Exercise details:
Filter the entries below, keeping every line that has the word "directed".
○ ○ ○ ○ ○
(* Let $ABC$ be a nondegenerate triangle and $XYZ$ a Miquel triangle of a point $P$ relative to $ABC$. (i) If $P$ is the first Brocard point of $ABC$, then $P$ is the first Brocard point of $XYZ$, i.e. $\angle YXP=\angle ZYP=\angle XZP$. (ii) If $P$ is the second Brocard point of $ABC$, then $P$ is the second Brocard point of $XYZ$, i.e. $\angle PXZ=\angle PYX=\angle PZY$.
   Context: Miquel triangle: given a triangle $ABC$ and a point $P$ not on the lines $BC,CA,AB$, a triangle $XYZ$ with $X$ on line $BC$, $Y$ on line $CA$, $Z$ on line $AB$ is called a Miquel triangle of $P$ relative to $ABC$ if $P$ lies on each of the three circles through $A,Y,Z$, through $B,Z,X$, and through $C,X,Y$. First Brocard point of $ABC$: the point $P$ with $\angle BAP=\angle CBP=\angle ACP$; second Brocard point: the point $P$ with $\angle PAC=\angle PBA=\angle PCB$ (analogously for a triangle $XYZ$ with the vertex order $X,Y,Z$ in place of $A,B,C$). *)

theory Defs
  imports "HOL-Analysis.Analysis"
begin

definition on_line :: "complex \<Rightarrow> complex \<Rightarrow> complex \<Rightarrow> bool" where
  "on_line X B C \<longleftrightarrow> B \<noteq> C \<and> collinear {B, C, X}"

definition nondeg_triangle :: "complex \<Rightarrow> complex \<Rightarrow> complex \<Rightarrow> bool" where
  "nondeg_triangle A B C \<longleftrightarrow> \<not> collinear {A, B, C}"

definition concyclic :: "complex \<Rightarrow> complex \<Rightarrow> complex \<Rightarrow> complex \<Rightarrow> bool" where
  "concyclic a b c d \<longleftrightarrow>
     (\<exists>ctr r. r > 0 \<and> dist a ctr = r \<and> dist b ctr = r \<and> dist c ctr = r \<and> dist d ctr = r)"

text \<open>Equality of directed angles modulo pi:
  the directed angle at vertex B from line BA to line BC equals
  the directed angle at vertex E from line ED to line EF.\<close>
definition dangle_eq ::
  "complex \<Rightarrow> complex \<Rightarrow> complex \<Rightarrow> complex \<Rightarrow> complex \<Rightarrow> complex \<Rightarrow> bool" where
  "dangle_eq A B C D E F \<longleftrightarrow>
     A \<noteq> B \<and> C \<noteq> B \<and> D \<noteq> E \<and> F \<noteq> E \<and>
     Im (((C - B) / (A - B)) * cnj ((F - E) / (D - E))) = 0"

definition first_brocard :: "complex \<Rightarrow> complex \<Rightarrow> complex \<Rightarrow> complex \<Rightarrow> bool" where
  "first_brocard A B C P \<longleftrightarrow> dangle_eq B A P C B P \<and> dangle_eq C B P A C P"

definition second_brocard :: "complex \<Rightarrow> complex \<Rightarrow> complex \<Rightarrow> complex \<Rightarrow> bool" where
  "second_brocard A B C P \<longleftrightarrow> dangle_eq P A C P B A \<and> dangle_eq P B A P C B"

definition miquel_triangle ::
  "complex \<Rightarrow> complex \<Rightarrow> complex \<Rightarrow> complex \<Rightarrow> complex \<Rightarrow> complex \<Rightarrow> complex \<Rightarrow> bool" where
  "miquel_triangle A B C P X Y Z \<longleftrightarrow>
     \<not> on_line P B C \<and> \<not> on_line P C A \<and> \<not> on_line P A B \<and>
     nondeg_triangle X Y Z \<and>
     on_line X B C \<and> on_line Y C A \<and> on_line Z A B \<and>
     concyclic A Y Z P \<and> concyclic B Z X P \<and> concyclic C X Y P"

end

theory Submission
  imports Defs
begin

text \<open>
  Let \<open>\<omega>\<close> be the Brocard angle of \<open>ABC\<close>. Since \<open>C, X, Y, P\<close> are concyclic and \<open>Y\<close> lies on
  \<open>CA\<close>, the inscribed angle theorem gives \<open>\<angle>YXP = \<angle>YCP = \<angle>ACP = \<omega>\<close> (directed, modulo
  \<open>\<pi>\<close>); cyclically \<open>\<angle>ZYP = \<angle>BAP\<close> and \<open>\<angle>XZP = \<angle>CBP\<close>, so \<open>P\<close> is the first Brocard
  point of \<open>XYZ\<close>. When \<open>Y = C\<close> the circle \<open>CXYP\<close> says nothing about the line \<open>XY\<close>; then
  the Brocard condition makes \<open>AB\<close> tangent to the circle \<open>APC\<close> at \<open>A\<close>, forcing \<open>Z = A\<close>,
  and likewise \<open>X = B\<close>. The second Brocard point of \<open>ABC\<close> is the first one of \<open>ACB\<close>.
\<close>

text \<open>For \<open>b \<noteq> 0\<close> this says \<open>a / b \<in> \<real>\<close>; note that \<open>0\<close> is parallel to everything.\<close>

definition parallel :: "complex \<Rightarrow> complex \<Rightarrow> bool" where
  "parallel a b \<longleftrightarrow> Im (a * cnj b) = 0"

lemma parallel_refl [simp]: "parallel a a"
  by (simp add: parallel_def)

lemma parallel_sym: "parallel a b \<Longrightarrow> parallel b a"
  by (simp add: parallel_def algebra_simps)

lemma parallel_0_left [simp]: "parallel 0 b"
  and parallel_0_right [simp]: "parallel a 0"
  by (simp_all add: parallel_def)

lemma parallel_minus_left_iff [simp]: "parallel (- a) b \<longleftrightarrow> parallel a b"
  by (auto simp: parallel_def)

lemma parallel_iff_Reals: "parallel a b \<longleftrightarrow> a * cnj b \<in> \<real>"
  by (simp add: parallel_def complex_is_Real_iff)

lemma parallel_mult:
  assumes "parallel a b" "parallel c d"
  shows "parallel (a * c) (b * d)"
proof -
  have "a * c * cnj (b * d) = (a * cnj b) * (c * cnj d)"
    by simp
  also have "\<dots> \<in> \<real>"
    using assms unfolding parallel_iff_Reals by (rule Reals_mult)
  finally show ?thesis
    unfolding parallel_iff_Reals .
qed

lemma parallel_divide:
  assumes "parallel a b" "parallel c d"
  shows "parallel (a / c) (b / d)"
proof -
  have "a / c * cnj (b / d) = (a * cnj b) / (c * cnj d)"
    by (simp add: complex_cnj_divide)
  also have "\<dots> \<in> \<real>"
    using assms unfolding parallel_iff_Reals by (rule Reals_divide)
  finally show ?thesis
    unfolding parallel_iff_Reals .
qed

lemma parallel_inverse_iff: "parallel (1 / a) (1 / b) \<longleftrightarrow> parallel a b"
  using parallel_divide[of 1 1 a b] parallel_divide[of 1 1 "1 / a" "1 / b"] by auto

lemma parallel_diff: "parallel a c \<Longrightarrow> parallel b c \<Longrightarrow> parallel (a - b) c"
  by (simp add: parallel_def algebra_simps)

lemma mult_cnj_self_Reals: "z * cnj z \<in> \<real>"
  by (metis complex_norm_square Reals_of_real)

lemma parallel_trans:
  assumes "parallel a b" "parallel b c" "b \<noteq> 0"
  shows "parallel a c"
proof -
  have "a * cnj c = (a * cnj b) * (b * cnj c) / (b * cnj b)"
    using assms(3) by (simp add: field_simps)
  also have "\<dots> \<in> \<real>"
    using assms(1,2) unfolding parallel_iff_Reals
    by (intro Reals_divide[OF Reals_mult mult_cnj_self_Reals])
  finally show ?thesis
    unfolding parallel_iff_Reals .
qed

lemma parallel_iff_divide_Reals:
  assumes "b \<noteq> 0"
  shows "parallel a b \<longleftrightarrow> a / b \<in> \<real>"
proof
  assume "parallel a b"
  have "a / b = (a * cnj b) / (b * cnj b)"
    using assms by (simp add: field_simps)
  also have "\<dots> \<in> \<real>"
    using \<open>parallel a b\<close> unfolding parallel_iff_Reals
    by (rule Reals_divide[OF _ mult_cnj_self_Reals])
  finally show "a / b \<in> \<real>" .
next
  assume "a / b \<in> \<real>"
  have "a * cnj b = (a / b) * (b * cnj b)"
    using assms by (simp add: field_simps)
  also have "\<dots> \<in> \<real>"
    using \<open>a / b \<in> \<real>\<close> by (rule Reals_mult[OF _ mult_cnj_self_Reals])
  finally show "parallel a b"
    unfolding parallel_iff_Reals .
qed
(* Let $T_t$ be the special flow over the dyadic odometer on $M=[0,1)^2$ with Lebesgue measure $m$ (defined in the context). For each $n\in\mathbb{N}$ let $f_n:[0,2^{-n})\times[0,2^n)\to\mathbb{R}$ be measurable with $f_n\circ\Phi_n^{-1}\in L_1(M)$, such that (2) $\int_0^{2^n} f_n(u,v)\,dv=0$ for every $u\in[0,2^{-n})$, and (3) $\sum_{n=1}^\infty \|f_n\|_{\infty,1}<\infty$, where $\|f_n\|_{\infty,1}=\sup_{u\in[0,2^{-n})}\int_0^{2^n}|f_n(u,v)|\,dv$. Define $f(x,y)=\sum_{n=1}^\infty f_n(\Phi_n^{-1}(x,y))$. Then $f\in L_1(M)$, $\int_M f\,dm=0$, and for all $t>0$ and almost every $(x,y)\in M$, $$|A(f,t,(x,y))|\le \frac{2\sum_{n=1}^\infty\|f_n\|_{\infty,1}}{t}.$$ In particular $A(f,t,\cdot)\to 0$ uniformly with rate $\mathcal{O}(1/t)$.
   Context: Dyadic odometer: $S:[0,1)\to[0,1)$ defined on $x=\sum_{i\ge1}x_i2^{-i}$ (binary expansion, $x_i\in\{0,1\}$, not eventually all $1$) by: if $x_1=\dots=x_m=1$ and $x_{m+1}=0$ ($m\ge0$), then $S$ replaces these first $m+1$ digits by $0,\dots,0,1$ and leaves the remaining digits unchanged. It preserves Lebesgue measure and is ergodic. The special flow over $S$ with constant return time $1$ is the flow on $M=[0,1)\times[0,1)$ given by $T_t(x,y)=(S^{\lfloor y+t\rfloor}x,\ y+t-\lfloor y+t\rfloor)$, $t\ge 0$; it preserves Lebesgue measure $m$ on $M$. For $p\in\mathbb{N}$, the map $\Phi_p:[0,2^{-p})\times[0,2^p)\to M$, $\Phi_p(u,v)=T_v(u,0)=(S^{\lfloor v\rfloor}u,\ v-\lfloor v\rfloor)$, is a measure-preserving bijection (mod 0); the coordinates $(x_p,y_p)=\Phi_p^{-1}(x,y)$ identify $M$ with the rectangle $[0,2^{-p})\times[0,2^p)$. Birkhoff average: $A(f,t,z)=\frac1t\int_0^t f(T_sz)\,ds$. *)

theory Defs
  imports "HOL-Analysis.Analysis"
begin

text \<open>Binary digits x_i (i \<ge> 1) of x in [0,1), standard expansion (not eventually all 1).\<close>
definition bdigit :: "nat \<Rightarrow> real \<Rightarrow> nat" where
  "bdigit i x = nat \<lfloor>2 ^ i * x\<rfloor> mod 2"

definition lead_ones :: "real \<Rightarrow> nat" where
  "lead_ones x = (LEAST m. bdigit (Suc m) x = 0)"

definition odo_digit :: "real \<Rightarrow> nat \<Rightarrow> nat" where
  "odo_digit x i = (if i \<le> lead_ones x then 0
                    else if i = Suc (lead_ones x) then 1 else bdigit i x)"

definition odometer :: "real \<Rightarrow> real" where
  "odometer x = (\<Sum>i. real (odo_digit x (Suc i)) / 2 ^ Suc i)"

definition Msp :: "(real \<times> real) set" where
  "Msp = {0..<1} \<times> {0..<1}"

text \<open>Special flow over S with constant roof 1 (for t \<ge> 0).\<close>
definition flow :: "real \<Rightarrow> real \<times> real \<Rightarrow> real \<times> real" where
  "flow t z = (case z of (x, y) \<Rightarrow>
      ((odometer ^^ nat \<lfloor>y + t\<rfloor>) x, y + t - of_int \<lfloor>y + t\<rfloor>))"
○ ○ ○ ○ ○
Exercise solution:
text \<open>Equality of directed angles modulo pi:
  the directed angle at vertex B from line BA to line BC equals
  the directed angle at vertex E from line ED to line EF.\<close>
  \<open>CA\<close>, the inscribed angle theorem gives \<open>\<angle>YXP = \<angle>YCP = \<angle>ACP = \<omega>\<close> (directed, modulo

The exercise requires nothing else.